After spending some time in Europe, Chuck Barris returned to the United States in 1984 and formed a syndication arm called Bel-Air Program Sales in October along with Bob Cohen and Brian Firestone, which began syndicating The Dating Game, The Newlywed Game, The Gong Show, The $1.98 Beauty Show and the Barris versions of Treasure Hunt. In 1985, Barris Industries formed an ad-sales barter called Clarion Communications. Later in 1986, Bel-Air Program Sales was renamed as Barris Program Sales, Clarion Communications was renamed as Barris Advertising Sales (a.k.a. Barris National Advertisers), and the production arm Chuck Barris Productions was renamed as Barris Productions.  In 1986, Barris Industries filed a $5 million copyright lawsuit against Lorimar-Telepictures, claiming that the game show Perfect Match was too similar to The Newlywed Game. On March 25, 1987, Barris resigned, left the company, and in the process, sold his shares to Burt Sugarman.

Barris Industries, under the leadership of Burt Sugarman and his company Giant Group Ltd., originally owned a 5.27% stake in Alan Landsburg Productions. In January 1988, Barris Industries merged with the Guber-Peters Company to form Barris/Guber-Peters.  On March 31, 1989, Burt Sugarman sold his shares of Barris Industries to Westfield Group and Northern Star Holdings Ltd., the owners of Network Ten of Australia owned by Frank Lowy for $34.5 million. On September 7, 1989, Barris Industries was renamed as the Guber-Peters Entertainment Company, Barris Program Sales was renamed as Guber-Peters Program Sales, and Barris Advertising Sales was renamed as Guber-Peters Advertising Sales. On September 29, 1989, a day after Sony Corporation of Japan announced to acquire Columbia Pictures Entertainment, Sony announced to acquire the Guber-Peters Entertainment Company for $200 million. The sale was completed on November 9, 1989 after Sony's acquisition of Sony Pictures a day earlier. On November 5, 1990, CPE folded its first-run syndication unit Guber-Peters Television into Columbia Pictures Television Distribution.
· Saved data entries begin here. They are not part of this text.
lemma triangular_lie_bracket:
  assumes A: "triangular A" and B: "triangular B"
  shows "triangular (lie_bracket n A B)"
  unfolding triangular_def
proof (intro allI impI)
  fix k and y y' :: point
  assume agree: "\<forall>j. 1 \<le> j \<and> j < k \<longrightarrow> y j = y' j"
  have "A y m * pdiff m (\<lambda>z. B z k) y - B y m * pdiff m (\<lambda>z. A z k) y
      = A y' m * pdiff m (\<lambda>z. B z k) y' - B y' m * pdiff m (\<lambda>z. A z k) y'"
    if "m \<in> {1..n}" for m
  proof (cases "k \<le> m")
    case True
    then show ?thesis using triangular_pdiff_eq_0[OF A] triangular_pdiff_eq_0[OF B] by simp
  next
    case False
    have "pdiff m (\<lambda>z. V z k) y = pdiff m (\<lambda>z. V z k) y'" if "triangular V" for V
    proof -
      have "V (y(m := t)) k = V (y'(m := t)) k" for t
        using that agree unfolding triangular_def by simp
      moreover have "y m = y' m" using agree False \<open>m \<in> {1..n}\<close> by simp
      ultimately show ?thesis unfolding pdiff_def by simp
    qed
    moreover have "A y m = A y' m" "B y m = B y' m"
      using A B agree False unfolding triangular_def by auto
    ultimately show ?thesis using A B by simp
  qed
  then show "lie_bracket n A B y k = lie_bracket n A B y' k"
    unfolding lie_bracket_def by (intro sum.cong) auto
qed

lemma lie_bracket_at_vanishing_below:
  assumes b: "b \<in> {1..n}" and y: "y \<in> vanishing_below b"
    and B: "\<And>z. z \<in> vanishing_below b \<Longrightarrow> B z = basis_point b"
    and A: "\<And>k. 1 \<le> k \<Longrightarrow> k < b \<Longrightarrow> A y k = 0"
  shows "lie_bracket n A B y m = - pdiff b (\<lambda>z. A z m) y"
proof -
  have "A y k * pdiff k (\<lambda>z. B z m) y - B y k * pdiff k (\<lambda>z. A z m) y
      = (if k = b then - pdiff b (\<lambda>z. A z m) y else 0)" if "k \<in> {1..n}" for k
  proof (cases "k < b")
    case True
    then show ?thesis using A that B[OF y] by (simp add: basis_point_def)
  next
    case False
    have "pdiff k (\<lambda>z. B z m) y = 0"
      by (rule pdiff_eq_0_if_const[where c = "basis_point b m"])
        (use fun_upd_in_vanishing_below[OF y, of k] False in \<open>simp add: B\<close>)
    then show ?thesis using B[OF y] by (simp add: basis_point_def)
  qed
  then have "lie_bracket n A B y m = (\<Sum>k=1..n. if k = b then - pdiff b (\<lambda>z. A z m) y else 0)"
    unfolding lie_bracket_def by (intro sum.cong) auto
  then show ?thesis using b by simp
qed

definition integral_curve :: "vfield \<Rightarrow> real set \<Rightarrow> (real \<Rightarrow> point) \<Rightarrow> bool" where
  "integral_curve V S \<gamma> \<longleftrightarrow>
     (\<forall>\<tau>\<in>S. \<forall>k. ((\<lambda>\<sigma>. \<gamma> \<sigma> k) has_real_derivative V (\<gamma> \<tau>) k) (at \<tau> within S))"

lemma flow_eqI:
  assumes "\<gamma> 0 = p" "integral_curve V {min 0 t..max 0 t} \<gamma>"
    and "\<And>\<gamma>'. \<gamma>' 0 = p \<Longrightarrow> integral_curve V {min 0 t..max 0 t} \<gamma>' \<Longrightarrow> \<gamma>' t = \<gamma> t"
  shows "flow V t p = \<gamma> t"
  unfolding flow_def using assms unfolding integral_curve_def by (intro the_equality) blast+

lemma triangular_integral_curve_unique:
  assumes V: "triangular V" and S: "convex S" "t\<^sub>0 \<in> S"
    and curves: "integral_curve V S \<gamma>" "integral_curve V S \<gamma>'" and start: "\<gamma> t\<^sub>0 = \<gamma>' t\<^sub>0"
    and "\<sigma> \<in> S"
  shows "\<gamma> \<sigma> = \<gamma>' \<sigma>"
proof -
  have "\<forall>\<sigma>\<in>S. \<gamma> \<sigma> k = \<gamma>' \<sigma> k" for k
  proof (induction k rule: less_induct)
    case (less k)
    have "((\<lambda>\<sigma>. \<gamma> \<sigma> k - \<gamma>' \<sigma> k) has_real_derivative 0) (at \<tau> within S)" if "\<tau> \<in> S" for \<tau>
    proof -
      have "V (\<gamma> \<tau>) k = V (\<gamma>' \<tau>) k"
        using V less.IH that unfolding triangular_def by auto
      moreover have "((\<lambda>\<sigma>. \<gamma> \<sigma> k) has_real_derivative V (\<gamma> \<tau>) k) (at \<tau> within S)"
        and "((\<lambda>\<sigma>. \<gamma>' \<sigma> k) has_real_derivative V (\<gamma>' \<tau>) k) (at \<tau> within S)"
        using curves that unfolding integral_curve_def by auto
      ultimately show ?thesis using DERIV_diff by fastforce
    qed
    then obtain c where c: "\<forall>\<sigma>\<in>S. \<gamma> \<sigma> k - \<gamma>' \<sigma> k = c"
      using has_field_derivative_zero_constant[OF S(1)] by blast
    then have "c = 0" using S(2) start by force
    then show ?case using c by simp
  qed
  then show ?thesis using \<open>\<sigma> \<in> S\<close> by auto
qed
As of today, all of the Barris game shows are owned and distributed by Sony Pictures Television, while the Guber-Peters Entertainment Company is still an active in-name-only unit of SPT and Columbia Pictures, known as GPEC, Inc.

List of notable programs

As Barris Industries:
 People Pickers (1965 unsold pilot)
 The Dating Game (1965–1974, 1978–1980, 1986-1989 (as The All-New Dating Game))
 Dream Girl of '67 (1966-1967 and 1986-1987 (as Dream Girl USA))
 The Newlywed Game (1966-1974, 1977-1980, 1985-1989)
 The Family Game (1967 and 1986 unsold pilot)
 How's Your Mother-in-Law? (1967-1968)
 The Game Game (1969)
 Cop Out (1972 unsold pilot)
 The Parent Game (1972-1973)
 Treasure Hunt (1973-1977 and 1981-1982)
 The Bobby Vinton Show (1975-1978)
 The Gong Show (1976–1980 and 1988–1989)
 The $1.98 Beauty Show (1978-1980)
 3's a Crowd (1979-1980)
 Camouflage (1980)
 Dollar a Second (1981 unsold pilot)
 Bamboozle (1986 unsold pilot)
 Comedy Courtroom (1986 unsold pilot)

As Guber-Peters Television:
 Quiz Kids Challenge (1990)
 Countdown (1990 unsold pilot)

Known employees
The longtime announcer for Chuck Barris Productions was Johnny Jacobs, who served from 1965 until his death in 1982.  Jacobs announced for such Barris game shows as The Dating Game, The Newlywed Game, Treasure Hunt, and The Gong Show. Tony McClay is Barris' secondary announcer, as he was sub for Jacobs, most often in 1980 and 1982.

Another announcer was Wheel of Fortune'''s Charlie O'Donnell, who from 1986–1989 announced for The New Newlywed Game, The All New Dating Game, and the 1988 version of The Gong Show, until those incarnations ended in 1989 and he went back to Wheel of Fortune in March.  O'Donnell also served as an announcer for Barry & Enright Productions. A lesser known announcer was Bob Hilton, who was announcer from 1985-1987, announcing The New Newlywed Game and The All New Dating Game.

Perhaps the best-known employee was The New Newlywed Game host Bob Eubanks, who served from 1966–1974, 1977–1980, and 1985–1988, when he stepped down and was replaced by Paul Rodriguez. Eubanks returned to host The Newlywed Game from 1997 to 1999.

Another prominent employee was comedian Chris Bearde, who co-created and co-produced The Gong Show'' in both '70s and '80s versions.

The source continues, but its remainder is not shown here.